▶ **Your instructions**: All entries below are to be set down again, identical to the source.

Items from a dataset:

lemma CS_edge_of_swap_high:
  assumes la: "is_partition la" and n: "psize la \<le> n" and S: "is_SYT la S" and S': "is_SYT la S'"
    and a: "1 \<le> a" and pos: "p2 < p0" "p0 < p1" "p1 < length (row_word S)"
    and letters: "row_word S ! p0 = a" "row_word S ! p1 = Suc a" "row_word S ! p2 = Suc (Suc a)"
    and swap: "row_word S' = swap_vals (Suc a) (Suc (Suc a)) (row_word S)"
  shows "CS_edge la n S S'"
proof (rule CS_edge_of_merge_succ[OF la n S S' _ a])
  note w = SYT_row_word[OF S]
  have "Suc (Suc a) \<in> {1..psize la}"
    using w(2) letters(3) pos nth_mem[of p2 "row_word S"] by simp
  then show "a < n" using n by simp
  have w'_p2: "row_word S' ! p2 = Suc a" and w'_p1: "row_word S' ! p1 = Suc (Suc a)"
    using pos letters unfolding swap by simp_all
  show "S \<noteq> S'" using w'_p1 letters(2) by auto
  show "ties_in_order (merge_succ (Suc a)) (row_word S')"
    using SYT_row_word(1)[OF S'] pos w'_p2 w'_p1
    by (intro ties_in_order_merge_succ[of _ p2 p1]) (simp_all add: swap)
  show "ties_in_order (merge_succ a) (row_word S)"
    using w(1) pos letters by (intro ties_in_order_merge_succ[of _ p0 p1]) simp_all
  show "f_word a (map (merge_succ a) (row_word S)) = Some (map (merge_succ (Suc a)) (row_word S'))"
    using f_word_merge_succ_swap_high[OF pos distinct_letter_positions[OF w(1) _ _ _ letters]] pos
    unfolding swap by simp
qed

lemma pos_of_nth:
  assumes "x \<in> set w"
  shows "pos_of w x < length w" and "w ! pos_of w x = x"
proof -
  have "\<exists>p. p < length w \<and> w ! p = x" using assms by (simp add: in_set_conv_nth)
  then have "pos_of w x < length w \<and> w ! pos_of w x = x"
    unfolding pos_of_def by (rule LeastI_ex)
  then show "pos_of w x < length w" and "w ! pos_of w x = x" by simp_all
qed

lemma CS_edge_either_of_swap_low:
  assumes la: "is_partition la" and n: "psize la \<le> n" and T: "is_SYT la T" and T': "is_SYT la T'"
    and a: "1 \<le> a" and pos: "pa < length (row_word T)" "pb < length (row_word T)" "pc < length (row_word T)"
    and letters: "row_word T ! pa = a" "row_word T ! pb = Suc a" "row_word T ! pc = Suc (Suc a)"
    and "between pb pc pa" and swap: "row_word T' = swap_vals a (Suc a) (row_word T)"
  shows "CS_edge la n T T' \<or> CS_edge la n T' T"
proof -
  have swap': "row_word T = swap_vals a (Suc a) (row_word T')" and pos': "pa < length (row_word T')"
    and letters': "row_word T' ! pb = a" "row_word T' ! pa = Suc a" "row_word T' ! pc = Suc (Suc a)"
    using swap pos letters by simp_all
  from \<open>between pb pc pa\<close> consider "pa < pc" "pc < pb" | "pb < pc" "pc < pa"
    by (auto simp: between_def)
  then show ?thesis
  proof cases
    case 1
    with CS_edge_of_swap_low[OF la n T T' a _ _ pos(2) letters swap] show ?thesis by blast
  next
    case 2
    with CS_edge_of_swap_low[OF la n T' T a _ _ pos' letters' swap'] show ?thesis by blast
  qed
qed

lemma CS_edge_either_of_swap_high:
  assumes la: "is_partition la" and n: "psize la \<le> n" and T: "is_SYT la T" and T': "is_SYT la T'"
    and a: "1 \<le> a" and pos: "pa < length (row_word T)" "pb < length (row_word T)" "pc < length (row_word T)"
    and letters: "row_word T ! pa = a" "row_word T ! pb = Suc a" "row_word T ! pc = Suc (Suc a)"
    and "between pb pa pc" and swap: "row_word T' = swap_vals (Suc a) (Suc (Suc a)) (row_word T)"
  shows "CS_edge la n T T' \<or> CS_edge la n T' T"
proof -
  have swap': "row_word T = swap_vals (Suc a) (Suc (Suc a)) (row_word T')"
    and pos': "pc < length (row_word T')"
    and letters': "row_word T' ! pa = a" "row_word T' ! pc = Suc a" "row_word T' ! pb = Suc (Suc a)"
    using swap pos letters by simp_all
  from \<open>between pb pa pc\<close> consider "pc < pa" "pa < pb" | "pb < pa" "pa < pc"
    by (auto simp: between_def)
  then show ?thesis
  proof cases
    case 1
    with CS_edge_of_swap_high[OF la n T T' a _ _ pos(2) letters swap] show ?thesis by blast
  next
    case 2
    with CS_edge_of_swap_high[OF la n T' T a _ _ pos' letters' swap'] show ?thesis by blast
  qed
qed

lemma CS_edge_either_of_D_word:
  assumes la: "is_partition la" and n: "psize la \<le> n" and T: "is_SYT la T" and T': "is_SYT la T'"
    and i: "1 < i" "i < psize la" and D: "D_word i (row_word T) = Some (row_word T')"
  shows "CS_edge la n T T' \<or> CS_edge la n T' T"
proof -
  obtain a where i_eq: "i = Suc a" and a: "1 \<le> a" using i(1) by (cases i) auto
  let ?w = "row_word T"
  define pa pb pc where "pa = pos_of ?w a" and "pb = pos_of ?w (Suc a)" and "pc = pos_of ?w (Suc (Suc a))"
  have "a \<in> set ?w" "Suc a \<in> set ?w" "Suc (Suc a) \<in> set ?w"
    using SYT_row_word(2)[OF T] i a unfolding i_eq by auto
  then have pos: "pa < length ?w" "pb < length ?w" "pc < length ?w"
    and letters: "?w ! pa = a" "?w ! pb = Suc a" "?w ! pc = Suc (Suc a)"
    unfolding pa_def pb_def pc_def by (simp_all add: pos_of_nth)
  consider (low) "between pb pc pa" "row_word T' = swap_vals a (Suc a) ?w"
    | (high) "between pb pa pc" "row_word T' = swap_vals (Suc a) (Suc (Suc a)) ?w"
    using D unfolding D_word_def Let_def i_eq pa_def pb_def pc_def by (auto split: if_splits)
  then show ?thesis
  proof cases
    case low
    then show ?thesis by (rule CS_edge_either_of_swap_low[OF la n T T' a pos letters])
  next
    case high
    then show ?thesis by (rule CS_edge_either_of_swap_high[OF la n T T' a pos letters])
  qed
qed

theorem theorem4p1:
  fixes la :: "nat list" and n :: nat
  assumes "is_partition la" and "psize la \<le> n"
  shows "\<forall>T T'. DE_edge la T T' \<longrightarrow> CS_edge la n T T' \<or> CS_edge la n T' T"
  using CS_edge_either_of_D_word[OF assms] unfolding DE_edge_def by blast

end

▶ **Response**:
lemma CS_edge_of_swap_high:
  assumes la: "is_partition la" and n: "psize la \<le> n" and S: "is_SYT la S" and S': "is_SYT la S'"
    and a: "1 \<le> a" and pos: "p2 < p0" "p0 < p1" "p1 < length (row_word S)"
    and letters: "row_word S ! p0 = a" "row_word S ! p1 = Suc a" "row_word S ! p2 = Suc (Suc a)"
    and swap: "row_word S' = swap_vals (Suc a) (Suc (Suc a)) (row_word S)"
  shows "CS_edge la n S S'"
proof (rule CS_edge_of_merge_succ[OF la n S S' _ a])
  note w = SYT_row_word[OF S]
  have "Suc (Suc a) \<in> {1..psize la}"
    using w(2) letters(3) pos nth_mem[of p2 "row_word S"] by simp
  then show "a < n" using n by simp
  have w'_p2: "row_word S' ! p2 = Suc a" and w'_p1: "row_word S' ! p1 = Suc (Suc a)"
    using pos letters unfolding swap by simp_all
  show "S \<noteq> S'" using w'_p1 letters(2) by auto
  show "ties_in_order (merge_succ (Suc a)) (row_word S')"
    using SYT_row_word(1)[OF S'] pos w'_p2 w'_p1
    by (intro ties_in_order_merge_succ[of _ p2 p1]) (simp_all add: swap)
  show "ties_in_order (merge_succ a) (row_word S)"
    using w(1) pos letters by (intro ties_in_order_merge_succ[of _ p0 p1]) simp_all
  show "f_word a (map (merge_succ a) (row_word S)) = Some (map (merge_succ (Suc a)) (row_word S'))"
    using f_word_merge_succ_swap_high[OF pos distinct_letter_positions[OF w(1) _ _ _ letters]] pos
    unfolding swap by simp
qed

lemma pos_of_nth:
  assumes "x \<in> set w"
  shows "pos_of w x < length w" and "w ! pos_of w x = x"
proof -
  have "\<exists>p. p < length w \<and> w ! p = x" using assms by (simp add: in_set_conv_nth)
  then have "pos_of w x < length w \<and> w ! pos_of w x = x"
    unfolding pos_of_def by (rule LeastI_ex)
  then show "pos_of w x < length w" and "w ! pos_of w x = x" by simp_all
qed

lemma CS_edge_either_of_swap_low:
  assumes la: "is_partition la" and n: "psize la \<le> n" and T: "is_SYT la T" and T': "is_SYT la T'"
    and a: "1 \<le> a" and pos: "pa < length (row_word T)" "pb < length (row_word T)" "pc < length (row_word T)"
    and letters: "row_word T ! pa = a" "row_word T ! pb = Suc a" "row_word T ! pc = Suc (Suc a)"
    and "between pb pc pa" and swap: "row_word T' = swap_vals a (Suc a) (row_word T)"
  shows "CS_edge la n T T' \<or> CS_edge la n T' T"
proof -
  have swap': "row_word T = swap_vals a (Suc a) (row_word T')" and pos': "pa < length (row_word T')"
    and letters': "row_word T' ! pb = a" "row_word T' ! pa = Suc a" "row_word T' ! pc = Suc (Suc a)"
    using swap pos letters by simp_all
  from \<open>between pb pc pa\<close> consider "pa < pc" "pc < pb" | "pb < pc" "pc < pa"
    by (auto simp: between_def)
  then show ?thesis
  proof cases
    case 1
    with CS_edge_of_swap_low[OF la n T T' a _ _ pos(2) letters swap] show ?thesis by blast
  next
    case 2
    with CS_edge_of_swap_low[OF la n T' T a _ _ pos' letters' swap'] show ?thesis by blast
  qed
qed

lemma CS_edge_either_of_swap_high:
  assumes la: "is_partition la" and n: "psize la \<le> n" and T: "is_SYT la T" and T': "is_SYT la T'"
    and a: "1 \<le> a" and pos: "pa < length (row_word T)" "pb < length (row_word T)" "pc < length (row_word T)"
    and letters: "row_word T ! pa = a" "row_word T ! pb = Suc a" "row_word T ! pc = Suc (Suc a)"
    and "between pb pa pc" and swap: "row_word T' = swap_vals (Suc a) (Suc (Suc a)) (row_word T)"
  shows "CS_edge la n T T' \<or> CS_edge la n T' T"
proof -
  have swap': "row_word T = swap_vals (Suc a) (Suc (Suc a)) (row_word T')"
    and pos': "pc < length (row_word T')"
    and letters': "row_word T' ! pa = a" "row_word T' ! pc = Suc a" "row_word T' ! pb = Suc (Suc a)"
    using swap pos letters by simp_all
  from \<open>between pb pa pc\<close> consider "pc < pa" "pa < pb" | "pb < pa" "pa < pc"
    by (auto simp: between_def)
  then show ?thesis
  proof cases
    case 1
    with CS_edge_of_swap_high[OF la n T T' a _ _ pos(2) letters swap] show ?thesis by blast
  next
    case 2
    with CS_edge_of_swap_high[OF la n T' T a _ _ pos' letters' swap'] show ?thesis by blast
  qed
qed

lemma CS_edge_either_of_D_word:
  assumes la: "is_partition la" and n: "psize la \<le> n" and T: "is_SYT la T" and T': "is_SYT la T'"
    and i: "1 < i" "i < psize la" and D: "D_word i (row_word T) = Some (row_word T')"
  shows "CS_edge la n T T' \<or> CS_edge la n T' T"
proof -
  obtain a where i_eq: "i = Suc a" and a: "1 \<le> a" using i(1) by (cases i) auto
  let ?w = "row_word T"
  define pa pb pc where "pa = pos_of ?w a" and "pb = pos_of ?w (Suc a)" and "pc = pos_of ?w (Suc (Suc a))"
  have "a \<in> set ?w" "Suc a \<in> set ?w" "Suc (Suc a) \<in> set ?w"
    using SYT_row_word(2)[OF T] i a unfolding i_eq by auto
  then have pos: "pa < length ?w" "pb < length ?w" "pc < length ?w"
    and letters: "?w ! pa = a" "?w ! pb = Suc a" "?w ! pc = Suc (Suc a)"
    unfolding pa_def pb_def pc_def by (simp_all add: pos_of_nth)
  consider (low) "between pb pc pa" "row_word T' = swap_vals a (Suc a) ?w"
    | (high) "between pb pa pc" "row_word T' = swap_vals (Suc a) (Suc (Suc a)) ?w"
    using D unfolding D_word_def Let_def i_eq pa_def pb_def pc_def by (auto split: if_splits)
  then show ?thesis
  proof cases
    case low
    then show ?thesis by (rule CS_edge_either_of_swap_low[OF la n T T' a pos letters])
  next
    case high
    then show ?thesis by (rule CS_edge_either_of_swap_high[OF la n T T' a pos letters])
  qed
qed

theorem theorem4p1:
  fixes la :: "nat list" and n :: nat
  assumes "is_partition la" and "psize la \<le> n"
  shows "\<forall>T T'. DE_edge la T T' \<longrightarrow> CS_edge la n T T' \<or> CS_edge la n T' T"
  using CS_edge_either_of_D_word[OF assms] unfolding DE_edge_def by blast

end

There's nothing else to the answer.